Para realizar un vínculo entre su pensamiento y su obra, encuentro en el Convento de las Capuchinas Sacramentarias la máxima
síntesis de su pensar. Aquí se explaya una fuerza expresiva a partir de la austeridad y el misticismo. La geometría pura, las
múltiples transiciones de los colores, la presencia de la luz natural, el ritmo apasible, el sabio y adiestrado uso de la naturaleza,
del agua y del cielo. Es aquí donde logra con su lenguaje una penetrante intimidad entre usuario y edificio, entre lo terreno y lo
divino. Llegó a conquistar este espacio, siendo un hombre de gran religiosidad y católico, coincidiendo con ese espíritu
franciscano de austeridad y simpleza.

Es interesante remarcar que Barragán siempre ha tenido una relación estrecha con el cliente de la obra a construir. Se ve
claramente en el caso de aquella casa construida para la familia Egerstrom, la cual responde a un singular programa donde la
familia practica la equitación, es quizá la obra más compleja en su creación y la más simple en sus elementos arquitectónicos:
muros de colores vivos, de aquel rosa que nos recuerda a las flores, unos vanos enmarcando el paisaje, una fuente imponente
que le da movimiento a un estanque de agua que refleja la conciencia. Todo esto, para ser compensado por la presencia de los
caballos y para recordarnos de la tradición vernácula.

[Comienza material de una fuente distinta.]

lemma abs_log_norm_le:
  assumes "\<And>i. m \<le> i \<Longrightarrow> i < n \<Longrightarrow> col_allowable (x i)"
  shows "\<bar>log_norm m n x\<bar> \<le> (\<Sum>i\<in>{m..<n}. \<bar>ln (max_colsum (x i))\<bar> + \<bar>ln (min_colsum (x i))\<bar>)"
    (is "_ \<le> ?B")
proof -
  have "log_norm m n x \<le> (\<Sum>i\<in>{m..<n}. ln (max_colsum (x i)))"
    "(\<Sum>i\<in>{m..<n}. ln (min_colsum (x i))) \<le> log_norm m n x"
    unfolding log_norm_def using assms by (auto intro: ln_max_colsum_mprod_le ln_max_colsum_mprod_ge)
  moreover have "(\<Sum>i\<in>{m..<n}. ln (max_colsum (x i))) \<le> ?B" "- (\<Sum>i\<in>{m..<n}. ln (min_colsum (x i))) \<le> ?B"
    by (auto simp flip: sum_negf intro!: sum_mono)
  ultimately show ?thesis by linarith
qed

lemma integrable_log_norm:
  assumes "m \<le> n" "n \<le> N"
  shows "integrable (P N) (log_norm m n)"
proof (rule Bochner_Integration.integrable_bound)
  show "integrable (P N) (\<lambda>x. \<Sum>i\<in>{m..<n}. \<bar>ln (max_colsum (x i))\<bar> + \<bar>ln (min_colsum (x i))\<bar>)"
    using assms integrable_ln_max_colsum integrable_ln_min_colsum
    by (intro Bochner_Integration.integrable_sum Bochner_Integration.integrable_add
        integrable_abs integrable_component) auto
  show "log_norm m n \<in> borel_measurable (P N)" using assms(2) by (rule borel_measurable_log_norm)
  show "AE x in P N. norm (log_norm m n x)
      \<le> norm (\<Sum>i\<in>{m..<n}. \<bar>ln (max_colsum (x i))\<bar> + \<bar>ln (min_colsum (x i))\<bar>)"
    using AE_P_col_allowable[of N]
  proof eventually_elim
    case (elim x)
    then have "\<bar>log_norm m n x\<bar> \<le> (\<Sum>i\<in>{m..<n}. \<bar>ln (max_colsum (x i))\<bar> + \<bar>ln (min_colsum (x i))\<bar>)"
      using assms by (intro abs_log_norm_le) auto
    then show ?case by (simp add: sum_nonneg)
  qed
qed

lemma expected_log_norm_eq_prefix: "expected_log_norm m = (\<integral>x. log_norm 0 m x \<partial>P (m + n))"
proof -
  interpret product_prob_space "\<lambda>_::nat. mu" UNIV by (rule product_prob_space_mu)
  have "distr (P (m + n)) (P m) (\<lambda>x. restrict x {..<m}) = P m"
    using distr_restrict[of "{..<m}" "{..<m + n}"] by simp
  then have "expected_log_norm m = (\<integral>x. log_norm 0 m x \<partial>distr (P (m + n)) (P m) (\<lambda>x. restrict x {..<m}))"
    by (simp add: expected_log_norm_def)
  also have "\<dots> = (\<integral>x. log_norm 0 m (restrict x {..<m}) \<partial>P (m + n))"
    by (rule integral_distr[OF measurable_restrict_subset borel_measurable_log_norm]) auto
  also have "\<dots> = (\<integral>x. log_norm 0 m x \<partial>P (m + n))"
    unfolding log_norm_def by (intro Bochner_Integration.integral_cong refl arg_cong[where f=ln]
        arg_cong[where f=max_colsum] mprod_cong) auto
  finally show ?thesis .
qed
(* Let $\mathcal R$ be a semi-finite CCTRS and $s\in\mathcal T(\mathcal F,\mathcal V)$. Then $s$ is not quasi-decreasing if and only if $\mathrm{label}(s)\rightharpoonup^\infty$.
   Context: Terms are built from a signature $\mathcal F$ and variables $\mathcal V$. An (oriented) conditional rewrite rule has the form $\ell\to r\Leftarrow a_1\approx b_1,\dots,a_k\approx b_k$ with $k\ge0$; $s\to_{\mathcal R}t$ iff there are a position $p$, a rule and a substitution $\sigma$ with $s|_p=\ell\sigma$, $t=s[r\sigma]_p$ and $a_j\sigma\to_{\mathcal R}^*b_j\sigma$ for all $j$ (formally the union of the usual approximations $\to_{\mathcal R_i}$). Defined symbols are root symbols of left-hand sides, others are constructors; constructor terms contain only constructors and variables. $\mathcal R{\restriction}f$ is the set of rules whose left-hand side has root $f$; $\mathcal R$ is semi-finite if each $\mathcal R{\restriction}f$ is finite. A CCTRS is a set $\mathcal R$ of rules each of the form $f(\ell_1,\dots,\ell_n)\to r\Leftarrow a_1\approx b_1,\dots,a_k\approx b_k$ where $\ell_1,\dots,\ell_n,b_1,\dots,b_k$ are constructor terms, the terms $f(\ell_1,\dots,\ell_n),b_1,\dots,b_k$ pairwise have no common variables, $\mathrm{Var}(r)\subseteq\mathrm{Var}(\ell_1,\dots,\ell_n,b_1,\dots,b_k)$ and $\mathrm{Var}(a_i)\subseteq\mathrm{Var}(\ell_1,\dots,\ell_n,b_1,\dots,b_{i-1})$. Write $s\sqsupset t$ if there are a position $p$, a rule $\ell\to r\Leftarrow a_1\approx b_1,\dots,a_k\approx b_k$, a substitution $\sigma$ and $1\le i\le k$ with $s|_p=\ell\sigma$, $a_j\sigma\to^* b_j\sigma$ for $1\le j<i$, and $t=a_i\sigma$. A term $s$ is quasi-decreasing if there is no infinite sequence $s=u_0\,(\to\cup\sqsupset)\,u_1\,(\to\cup\sqsupset)\cdots$. Labeled terms: the labeled signature $\mathcal G$ consists of the constructors of $\mathcal F$ together with a symbol $f_R$ (same arity as $f$) for every defined $f$ and every $R\subseteq\mathcal R{\restriction}f$. $\mathrm{label}(t)$ replaces every defined $f$ by $f_{\mathcal R\restriction f}$; $\mathrm{erase}$ removes all labels. A labeled normal form is a term built only from constructors, symbols $f_\emptyset$, and variables. The labeled step relation $\rightharpoonup$ is defined inductively: $s\rightharpoonup t$ if either (i) there are a position $p$ and a rule $\rho\colon\ell\to r\Leftarrow c$ with $s|_p=f_R(s_1,\dots,s_n)$, $\rho\in R$, $t=s[f_{R\setminus\{\rho\}}(s_1,\dots,s_n)]_p$, and linear labeled normal forms $u_1,\dots,u_n$ on fresh variables and $\sigma$ with $s|_p=f_R(u_1,\dots,u_n)\sigma$ and $f(\mathrm{erase}(u_1),\dots,\mathrm{erase}(u_n))$ not unifiable with $\ell$; or (ii) there are $p$, a rule $\rho\colon f(\ell_1,\dots,\ell_n)\to r\Leftarrow a_1\approx b_1,\dots,a_k\approx b_k$, $\sigma$ and $0\le j\le k$ with $s|_p=f_R(\ell_1\sigma,\dots,\ell_n\sigma)$, $\rho\in R$, $\mathrm{label}(a_i)\sigma\rightharpoonup^*b_i\sigma$ for $1\le i\le j$, and either $j=k$ and $t=s[\mathrm{label}(r)\sigma]_p$, or $j<k$, $\mathrm{label}(a_{j+1})\sigma\rightharpoonup^*u\tau$ for some linear labeled normal form $u$ with $\mathrm{erase}(u)$ not unifiable with $b_{j+1}$ and some $\tau$, and $t=s[f_{R\setminus\{\rho\}}(\ell_1\sigma,\dots,\ell_n\sigma)]_p$. Further $s\rightharpoonup_\rhd t$ if there are a position $p$, a rule $\rho$ as in (ii), $\sigma$ and $0\le j<k$ with $s|_p=f_R(\ell_1\sigma,\dots,\ell_n\sigma)$, $\rho\in R$, $\mathrm{label}(a_i)\sigma\rightharpoonup^*b_i\sigma$ for $1\le i\le j$, and $t=\mathrm{label}(a_{j+1})\sigma$. $s\rightharpoonup^\infty$ means there is an infinite sequence $s=s_0\,(\rightharpoonup\cup\rightharpoonup_\rhd)\,s_1\,(\rightharpoonup\cup\rightharpoonup_\rhd)\cdots$. *)

theory Defs
  imports Main
begin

Siendo alguien quien cree que en el minimalismo podemos encontrar la quietud y serenidad, Barragán nos mostró estas
sensaciones con gran perfección en un lugar donde se fió de tres elementos para lograrlo: una larga pileta de la que el agua
rebosa de manera imperceptible; una muro blanco que sirve de pantalla para la proyección de las sombras del follaje de unos
gigantescos eucaliptos y unos muros azules que rodean la plaza del Bebedero en el fraccionamiento Las Arboledas. La propia
escala del muro blanco lo convierte en una esencial escultura, convirtiéndose para mí como su obra más cautivadora y neta que
he observado y analizado.

Así como en la plaza del Bebedero, Barragán jugó con la escala nuevamente en una de sus pocas obras públicas y en espacios
abiertos: las Torres de Satélite. Para hablar de ellas, tengo que reconocer que en un principio me parecían pesadas, sin sentido,
feas. Pero una vez que las estudio, que comprendo que su primordial función son para ser contempladas desde el automóvil, a
una relativa alta velocidad, veo porqué las proyectó de esa manera, dándole una nueva imagen urbana a la ciudad de México.

Ahora bien, su casa en Tacubaya es un claro ejemplo de que su obra es autobiográfica. Aquí, siendo él su propio cliente, plasma
con profunda honestidad todas las repercusiones de su infancia y de sus viajes. Libre de todo formalismo, la casa se adhiere a
ese humilde barrio. Hace uso de los acabados rústicos y de la luz indirecta para crear una atmósfera de intimidad. Aquella
emblemática escalera empotrada es fiel reflejo del recuerdo de la casa de su abuelo. Aquel ventanal que nos revela el jardín,
posee una manguetería en cruz que nos provoca un sentido de distanciamiento y de misterio. La casa posee patios y terrazas
que invitan a la meditación, así como a la serenidad del alma.

Es notable cómo estos espacios, los patios, los usa frecuentemente en las casas que diseñó. Las más reconocidas son la casa de
Antonio Gálvez, la cual expresa una modernidad propia, una síntesis entre lo indígena y lo hispano, entre la sensibilidad poética
y el rigor geométrico; y la Casa de Francisco Gilardi, considerada por muchos como su última obra de arte. Ésta última, se ordenó
en una parcela bastante estrecha, pero se logró a través del color, la luz y el agua, crear unos espacios únicos, nunca antes
imaginados; cómo aquel pasillo amarillo que te lleva al espacio del comedor, el cual se siente intimidado por la presencia de una
piscina dentro de su espacio. Es aquí donde se marca la convivencia entre sólido y líquido, entre luz y sombra.

Su mensaje ha quedado marcado en sus obras y en el corazón de las personas que las conocen. Ese mensaje de “recrear y
renovar la nostalgia, volviéndola contemporánea”, pues la arquitectura tiene que alcanzar “la belleza y el atractivo de sus
soluciones si quiere seguirse contando entre las bellas artes”. Con estas palabras me quedo, como estudiante y como futuro
arquitecto, pues comulgo en que lo más importante es la satisfacción del espíritu.